## MATERIAL TO PROCESS
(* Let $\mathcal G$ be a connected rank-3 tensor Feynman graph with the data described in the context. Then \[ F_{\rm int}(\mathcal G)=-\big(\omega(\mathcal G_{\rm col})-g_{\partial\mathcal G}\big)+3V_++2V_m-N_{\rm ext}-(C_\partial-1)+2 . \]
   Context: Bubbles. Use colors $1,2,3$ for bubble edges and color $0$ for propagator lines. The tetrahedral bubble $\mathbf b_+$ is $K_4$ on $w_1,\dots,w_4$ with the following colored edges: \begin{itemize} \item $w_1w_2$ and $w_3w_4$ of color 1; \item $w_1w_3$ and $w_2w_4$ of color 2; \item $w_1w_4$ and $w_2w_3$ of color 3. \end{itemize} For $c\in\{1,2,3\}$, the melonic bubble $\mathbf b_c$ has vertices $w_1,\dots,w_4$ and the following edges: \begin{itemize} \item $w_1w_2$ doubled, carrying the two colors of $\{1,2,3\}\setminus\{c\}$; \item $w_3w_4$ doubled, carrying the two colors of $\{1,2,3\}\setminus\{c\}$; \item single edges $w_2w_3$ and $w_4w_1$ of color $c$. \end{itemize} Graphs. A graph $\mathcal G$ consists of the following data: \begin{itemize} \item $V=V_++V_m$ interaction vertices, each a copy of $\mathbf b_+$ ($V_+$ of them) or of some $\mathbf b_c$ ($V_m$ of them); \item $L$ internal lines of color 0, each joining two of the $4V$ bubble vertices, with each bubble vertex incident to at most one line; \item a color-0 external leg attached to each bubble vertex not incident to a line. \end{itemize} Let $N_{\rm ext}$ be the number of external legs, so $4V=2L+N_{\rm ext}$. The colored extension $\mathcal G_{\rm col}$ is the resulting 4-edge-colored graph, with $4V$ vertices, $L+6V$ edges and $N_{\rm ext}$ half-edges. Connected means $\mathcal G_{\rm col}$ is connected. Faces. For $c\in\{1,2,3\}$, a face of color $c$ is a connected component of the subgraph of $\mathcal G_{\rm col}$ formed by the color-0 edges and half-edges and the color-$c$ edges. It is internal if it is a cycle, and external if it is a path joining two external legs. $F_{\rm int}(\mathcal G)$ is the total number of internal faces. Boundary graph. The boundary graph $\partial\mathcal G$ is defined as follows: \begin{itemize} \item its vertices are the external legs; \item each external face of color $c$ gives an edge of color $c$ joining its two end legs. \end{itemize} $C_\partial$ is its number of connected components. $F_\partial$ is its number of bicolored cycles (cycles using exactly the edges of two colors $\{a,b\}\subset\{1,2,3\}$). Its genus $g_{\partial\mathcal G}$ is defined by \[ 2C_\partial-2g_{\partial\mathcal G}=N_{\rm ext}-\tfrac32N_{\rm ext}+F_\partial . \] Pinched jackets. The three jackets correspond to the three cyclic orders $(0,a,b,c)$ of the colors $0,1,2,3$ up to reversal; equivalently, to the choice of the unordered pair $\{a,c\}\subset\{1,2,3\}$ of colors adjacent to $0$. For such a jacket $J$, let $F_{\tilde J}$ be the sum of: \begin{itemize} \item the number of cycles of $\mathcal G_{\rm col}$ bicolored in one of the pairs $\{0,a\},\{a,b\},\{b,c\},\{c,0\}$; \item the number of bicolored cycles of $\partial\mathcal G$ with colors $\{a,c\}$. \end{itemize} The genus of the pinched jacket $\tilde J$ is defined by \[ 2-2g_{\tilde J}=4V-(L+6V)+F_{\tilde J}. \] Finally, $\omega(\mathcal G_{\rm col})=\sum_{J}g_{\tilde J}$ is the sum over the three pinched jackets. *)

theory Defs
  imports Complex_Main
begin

* * *

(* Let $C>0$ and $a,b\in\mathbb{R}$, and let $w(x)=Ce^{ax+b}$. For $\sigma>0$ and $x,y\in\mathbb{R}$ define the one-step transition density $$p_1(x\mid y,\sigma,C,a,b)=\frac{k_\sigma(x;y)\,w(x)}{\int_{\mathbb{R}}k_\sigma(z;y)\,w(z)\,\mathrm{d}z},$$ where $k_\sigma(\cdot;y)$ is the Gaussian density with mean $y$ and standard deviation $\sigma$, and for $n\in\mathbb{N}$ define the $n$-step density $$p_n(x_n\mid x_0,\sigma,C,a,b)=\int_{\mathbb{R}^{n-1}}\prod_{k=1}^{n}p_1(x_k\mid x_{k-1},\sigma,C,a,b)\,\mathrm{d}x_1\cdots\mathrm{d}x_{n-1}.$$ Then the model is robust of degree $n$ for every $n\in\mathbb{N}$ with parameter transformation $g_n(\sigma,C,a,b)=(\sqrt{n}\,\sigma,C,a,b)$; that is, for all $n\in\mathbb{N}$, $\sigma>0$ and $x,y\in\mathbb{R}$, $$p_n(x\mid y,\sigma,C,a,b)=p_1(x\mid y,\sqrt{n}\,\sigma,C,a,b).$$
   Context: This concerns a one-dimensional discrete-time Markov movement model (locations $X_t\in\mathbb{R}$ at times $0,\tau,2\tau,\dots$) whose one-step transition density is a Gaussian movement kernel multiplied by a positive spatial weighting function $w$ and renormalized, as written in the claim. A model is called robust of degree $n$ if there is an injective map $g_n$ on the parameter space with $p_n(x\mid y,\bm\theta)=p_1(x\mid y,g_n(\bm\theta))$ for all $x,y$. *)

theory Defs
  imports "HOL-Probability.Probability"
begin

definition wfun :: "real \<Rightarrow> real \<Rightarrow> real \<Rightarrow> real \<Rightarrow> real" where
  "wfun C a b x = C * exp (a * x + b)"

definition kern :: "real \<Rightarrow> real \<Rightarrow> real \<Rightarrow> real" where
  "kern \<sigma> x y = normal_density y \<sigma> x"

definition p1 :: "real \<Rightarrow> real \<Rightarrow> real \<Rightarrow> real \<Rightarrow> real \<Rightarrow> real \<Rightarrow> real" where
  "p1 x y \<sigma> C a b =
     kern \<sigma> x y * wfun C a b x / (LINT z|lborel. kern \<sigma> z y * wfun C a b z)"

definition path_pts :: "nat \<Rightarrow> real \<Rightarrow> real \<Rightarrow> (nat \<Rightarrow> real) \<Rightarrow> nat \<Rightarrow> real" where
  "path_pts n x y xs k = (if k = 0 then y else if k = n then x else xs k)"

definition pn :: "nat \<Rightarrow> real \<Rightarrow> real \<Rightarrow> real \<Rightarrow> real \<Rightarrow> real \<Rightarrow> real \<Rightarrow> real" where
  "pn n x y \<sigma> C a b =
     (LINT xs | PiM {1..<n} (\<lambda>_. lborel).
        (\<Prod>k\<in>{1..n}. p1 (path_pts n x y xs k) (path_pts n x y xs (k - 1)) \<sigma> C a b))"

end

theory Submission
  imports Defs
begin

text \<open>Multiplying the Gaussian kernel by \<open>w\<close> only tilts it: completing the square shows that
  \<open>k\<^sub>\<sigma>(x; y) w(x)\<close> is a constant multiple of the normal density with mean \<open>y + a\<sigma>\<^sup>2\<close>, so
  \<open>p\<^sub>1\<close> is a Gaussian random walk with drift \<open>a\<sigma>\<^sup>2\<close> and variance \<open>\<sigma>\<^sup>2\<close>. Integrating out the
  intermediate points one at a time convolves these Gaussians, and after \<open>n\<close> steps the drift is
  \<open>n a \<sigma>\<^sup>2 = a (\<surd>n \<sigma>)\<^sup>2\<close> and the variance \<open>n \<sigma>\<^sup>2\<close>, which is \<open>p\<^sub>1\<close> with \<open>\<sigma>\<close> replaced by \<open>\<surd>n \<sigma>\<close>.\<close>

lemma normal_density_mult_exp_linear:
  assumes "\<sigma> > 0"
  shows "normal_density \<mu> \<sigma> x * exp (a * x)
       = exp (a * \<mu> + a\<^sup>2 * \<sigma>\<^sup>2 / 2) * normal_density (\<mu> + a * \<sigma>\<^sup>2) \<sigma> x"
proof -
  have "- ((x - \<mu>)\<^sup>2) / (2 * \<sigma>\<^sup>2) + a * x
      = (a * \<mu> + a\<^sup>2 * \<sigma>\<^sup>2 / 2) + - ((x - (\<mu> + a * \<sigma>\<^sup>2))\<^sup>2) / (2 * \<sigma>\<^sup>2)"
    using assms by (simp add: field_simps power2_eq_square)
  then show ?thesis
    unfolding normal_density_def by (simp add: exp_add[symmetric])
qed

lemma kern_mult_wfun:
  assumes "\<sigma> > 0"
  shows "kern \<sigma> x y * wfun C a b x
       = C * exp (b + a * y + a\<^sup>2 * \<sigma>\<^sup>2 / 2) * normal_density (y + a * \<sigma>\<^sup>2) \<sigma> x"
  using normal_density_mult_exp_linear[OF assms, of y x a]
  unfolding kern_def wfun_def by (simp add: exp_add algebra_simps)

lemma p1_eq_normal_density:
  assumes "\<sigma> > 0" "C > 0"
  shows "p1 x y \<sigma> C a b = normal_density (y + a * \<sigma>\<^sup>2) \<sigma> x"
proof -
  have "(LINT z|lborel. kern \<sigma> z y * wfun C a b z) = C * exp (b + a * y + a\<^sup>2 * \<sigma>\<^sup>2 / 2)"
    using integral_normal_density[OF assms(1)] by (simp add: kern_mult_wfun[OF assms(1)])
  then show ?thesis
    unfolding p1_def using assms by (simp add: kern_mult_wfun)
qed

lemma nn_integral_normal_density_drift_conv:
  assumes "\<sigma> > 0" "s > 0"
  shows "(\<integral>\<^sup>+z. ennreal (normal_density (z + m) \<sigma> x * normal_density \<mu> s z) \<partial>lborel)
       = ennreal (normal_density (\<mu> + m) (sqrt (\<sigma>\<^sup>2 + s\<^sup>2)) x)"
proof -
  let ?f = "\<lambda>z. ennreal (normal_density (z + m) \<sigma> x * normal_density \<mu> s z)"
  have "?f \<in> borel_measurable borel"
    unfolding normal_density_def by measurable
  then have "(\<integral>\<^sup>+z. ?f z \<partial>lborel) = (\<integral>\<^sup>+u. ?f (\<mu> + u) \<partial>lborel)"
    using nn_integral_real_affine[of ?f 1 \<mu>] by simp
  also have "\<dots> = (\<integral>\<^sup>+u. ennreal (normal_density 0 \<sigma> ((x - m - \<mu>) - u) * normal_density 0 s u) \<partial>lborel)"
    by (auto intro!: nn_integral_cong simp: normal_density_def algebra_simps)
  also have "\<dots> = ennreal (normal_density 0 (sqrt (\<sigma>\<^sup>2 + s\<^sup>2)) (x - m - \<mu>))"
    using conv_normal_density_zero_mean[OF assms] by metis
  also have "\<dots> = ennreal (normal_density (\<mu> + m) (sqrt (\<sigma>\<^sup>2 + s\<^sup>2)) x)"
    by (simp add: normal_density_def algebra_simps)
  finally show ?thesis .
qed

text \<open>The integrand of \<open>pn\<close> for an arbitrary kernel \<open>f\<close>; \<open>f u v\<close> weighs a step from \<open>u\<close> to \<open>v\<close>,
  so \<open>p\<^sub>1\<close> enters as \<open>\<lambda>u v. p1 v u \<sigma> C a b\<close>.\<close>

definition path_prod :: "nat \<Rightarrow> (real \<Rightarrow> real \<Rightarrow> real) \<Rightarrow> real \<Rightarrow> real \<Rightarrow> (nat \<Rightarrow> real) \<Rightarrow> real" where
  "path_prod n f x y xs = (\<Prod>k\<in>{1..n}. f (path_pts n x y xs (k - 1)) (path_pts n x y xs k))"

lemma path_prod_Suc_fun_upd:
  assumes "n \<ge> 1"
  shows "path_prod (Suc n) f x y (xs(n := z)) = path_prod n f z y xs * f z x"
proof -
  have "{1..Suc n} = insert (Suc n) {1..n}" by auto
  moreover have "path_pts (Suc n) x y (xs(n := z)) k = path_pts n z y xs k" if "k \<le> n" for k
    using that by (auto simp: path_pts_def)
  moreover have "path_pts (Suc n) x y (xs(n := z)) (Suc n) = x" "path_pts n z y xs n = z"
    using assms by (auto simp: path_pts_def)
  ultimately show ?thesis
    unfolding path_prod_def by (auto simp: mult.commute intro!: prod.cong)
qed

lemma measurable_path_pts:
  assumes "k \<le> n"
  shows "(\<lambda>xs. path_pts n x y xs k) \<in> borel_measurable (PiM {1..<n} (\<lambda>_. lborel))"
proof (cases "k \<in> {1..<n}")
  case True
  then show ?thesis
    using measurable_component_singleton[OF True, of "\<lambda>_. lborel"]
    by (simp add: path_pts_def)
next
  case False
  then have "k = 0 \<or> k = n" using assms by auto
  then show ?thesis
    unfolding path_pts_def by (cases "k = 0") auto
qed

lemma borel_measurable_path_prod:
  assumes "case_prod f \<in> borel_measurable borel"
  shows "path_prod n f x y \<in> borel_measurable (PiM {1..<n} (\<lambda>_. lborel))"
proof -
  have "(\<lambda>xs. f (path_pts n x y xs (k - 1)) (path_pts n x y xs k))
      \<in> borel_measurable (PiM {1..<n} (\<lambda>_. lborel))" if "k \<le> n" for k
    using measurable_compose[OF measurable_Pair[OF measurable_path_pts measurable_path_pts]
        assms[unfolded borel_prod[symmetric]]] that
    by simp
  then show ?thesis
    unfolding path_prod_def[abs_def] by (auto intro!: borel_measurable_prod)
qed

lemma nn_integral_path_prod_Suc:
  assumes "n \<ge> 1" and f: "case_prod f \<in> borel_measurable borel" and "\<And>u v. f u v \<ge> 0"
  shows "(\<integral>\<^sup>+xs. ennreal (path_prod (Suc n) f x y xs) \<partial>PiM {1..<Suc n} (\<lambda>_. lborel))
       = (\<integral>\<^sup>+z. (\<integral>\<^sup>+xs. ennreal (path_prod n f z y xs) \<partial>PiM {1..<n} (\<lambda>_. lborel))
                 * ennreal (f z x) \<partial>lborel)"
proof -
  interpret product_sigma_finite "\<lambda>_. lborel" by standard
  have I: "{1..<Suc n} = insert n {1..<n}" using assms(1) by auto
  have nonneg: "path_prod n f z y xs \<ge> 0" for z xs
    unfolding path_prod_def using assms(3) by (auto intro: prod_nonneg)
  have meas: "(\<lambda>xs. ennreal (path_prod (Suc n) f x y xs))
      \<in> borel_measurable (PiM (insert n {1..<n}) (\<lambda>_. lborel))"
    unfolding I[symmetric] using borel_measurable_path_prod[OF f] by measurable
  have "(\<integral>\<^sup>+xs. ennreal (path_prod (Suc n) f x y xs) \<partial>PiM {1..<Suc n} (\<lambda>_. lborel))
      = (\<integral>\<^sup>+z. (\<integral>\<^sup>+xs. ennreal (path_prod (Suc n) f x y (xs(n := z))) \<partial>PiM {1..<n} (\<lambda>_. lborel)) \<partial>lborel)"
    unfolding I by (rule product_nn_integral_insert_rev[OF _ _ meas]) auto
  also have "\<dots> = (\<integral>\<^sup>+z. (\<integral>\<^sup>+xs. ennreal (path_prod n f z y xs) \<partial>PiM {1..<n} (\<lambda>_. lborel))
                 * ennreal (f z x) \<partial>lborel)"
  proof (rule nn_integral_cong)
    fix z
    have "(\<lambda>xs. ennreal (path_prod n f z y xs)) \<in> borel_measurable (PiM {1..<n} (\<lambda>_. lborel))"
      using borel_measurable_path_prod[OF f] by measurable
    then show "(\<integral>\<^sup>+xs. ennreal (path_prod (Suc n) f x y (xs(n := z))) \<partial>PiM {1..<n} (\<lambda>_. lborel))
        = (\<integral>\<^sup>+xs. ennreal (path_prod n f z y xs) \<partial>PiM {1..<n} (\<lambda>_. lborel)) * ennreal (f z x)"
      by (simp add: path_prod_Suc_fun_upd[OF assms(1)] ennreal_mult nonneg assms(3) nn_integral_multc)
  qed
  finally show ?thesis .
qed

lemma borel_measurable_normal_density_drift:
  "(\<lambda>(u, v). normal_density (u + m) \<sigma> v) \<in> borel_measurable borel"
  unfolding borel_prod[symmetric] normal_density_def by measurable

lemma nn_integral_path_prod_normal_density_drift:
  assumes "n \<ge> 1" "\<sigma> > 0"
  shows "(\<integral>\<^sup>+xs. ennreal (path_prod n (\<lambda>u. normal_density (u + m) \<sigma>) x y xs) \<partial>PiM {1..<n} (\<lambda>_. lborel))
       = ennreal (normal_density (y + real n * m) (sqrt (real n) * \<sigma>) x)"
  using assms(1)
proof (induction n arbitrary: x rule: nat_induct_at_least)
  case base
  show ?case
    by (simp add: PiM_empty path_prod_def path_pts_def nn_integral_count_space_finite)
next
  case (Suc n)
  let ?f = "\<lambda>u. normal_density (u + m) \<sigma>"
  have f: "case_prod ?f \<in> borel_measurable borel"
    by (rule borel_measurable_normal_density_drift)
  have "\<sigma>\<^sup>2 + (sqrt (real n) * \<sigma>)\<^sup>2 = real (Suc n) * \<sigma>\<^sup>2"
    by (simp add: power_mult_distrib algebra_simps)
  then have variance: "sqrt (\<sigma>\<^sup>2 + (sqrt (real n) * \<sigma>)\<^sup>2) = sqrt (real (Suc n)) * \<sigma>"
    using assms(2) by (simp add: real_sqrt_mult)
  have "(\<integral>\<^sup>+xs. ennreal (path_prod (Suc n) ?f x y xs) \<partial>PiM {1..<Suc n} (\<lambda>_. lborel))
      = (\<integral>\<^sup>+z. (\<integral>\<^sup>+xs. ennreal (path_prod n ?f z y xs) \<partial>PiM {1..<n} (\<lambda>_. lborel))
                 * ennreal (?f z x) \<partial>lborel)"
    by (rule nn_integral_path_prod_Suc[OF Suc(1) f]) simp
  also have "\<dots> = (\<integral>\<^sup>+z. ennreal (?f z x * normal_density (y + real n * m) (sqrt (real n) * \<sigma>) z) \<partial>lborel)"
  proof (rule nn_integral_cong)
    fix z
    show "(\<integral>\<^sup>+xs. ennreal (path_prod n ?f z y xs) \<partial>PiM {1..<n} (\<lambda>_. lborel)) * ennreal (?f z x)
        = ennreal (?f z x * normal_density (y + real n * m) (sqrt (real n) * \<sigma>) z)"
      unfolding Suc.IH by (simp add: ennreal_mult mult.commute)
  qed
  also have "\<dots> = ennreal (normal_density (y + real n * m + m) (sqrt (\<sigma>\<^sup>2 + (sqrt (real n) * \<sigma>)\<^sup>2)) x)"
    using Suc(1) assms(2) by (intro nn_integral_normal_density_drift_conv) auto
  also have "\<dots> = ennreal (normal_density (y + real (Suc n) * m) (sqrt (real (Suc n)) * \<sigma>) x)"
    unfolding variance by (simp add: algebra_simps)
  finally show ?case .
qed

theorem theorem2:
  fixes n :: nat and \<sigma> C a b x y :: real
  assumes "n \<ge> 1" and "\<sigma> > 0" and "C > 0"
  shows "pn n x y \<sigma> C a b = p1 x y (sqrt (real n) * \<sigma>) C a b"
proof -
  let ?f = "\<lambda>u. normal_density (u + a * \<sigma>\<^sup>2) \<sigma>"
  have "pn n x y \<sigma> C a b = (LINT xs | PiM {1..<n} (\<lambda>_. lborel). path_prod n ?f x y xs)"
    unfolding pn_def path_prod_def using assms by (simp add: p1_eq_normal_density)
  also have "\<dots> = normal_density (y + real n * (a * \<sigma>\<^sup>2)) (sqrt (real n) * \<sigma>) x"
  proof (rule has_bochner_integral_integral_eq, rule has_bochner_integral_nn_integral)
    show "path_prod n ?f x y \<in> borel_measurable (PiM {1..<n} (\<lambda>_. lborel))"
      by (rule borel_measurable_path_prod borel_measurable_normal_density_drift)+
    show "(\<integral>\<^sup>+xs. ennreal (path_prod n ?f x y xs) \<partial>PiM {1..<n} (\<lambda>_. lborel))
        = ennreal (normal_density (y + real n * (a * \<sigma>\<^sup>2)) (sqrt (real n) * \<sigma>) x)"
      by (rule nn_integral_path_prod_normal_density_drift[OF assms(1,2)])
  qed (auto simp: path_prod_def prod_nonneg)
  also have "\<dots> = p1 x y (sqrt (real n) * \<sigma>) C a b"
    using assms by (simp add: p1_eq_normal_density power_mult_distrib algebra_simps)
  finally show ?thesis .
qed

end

## ABOUT THIS EXERCISE
Every line holding the word "symmetric" should be copied out of the records above.

## YOUR SOLUTION
    unfolding normal_density_def by (simp add: exp_add[symmetric])
        assms[unfolded borel_prod[symmetric]]] that
    unfolding I[symmetric] using borel_measurable_path_prod[OF f] by measurable
  unfolding borel_prod[symmetric] normal_density_def by measurable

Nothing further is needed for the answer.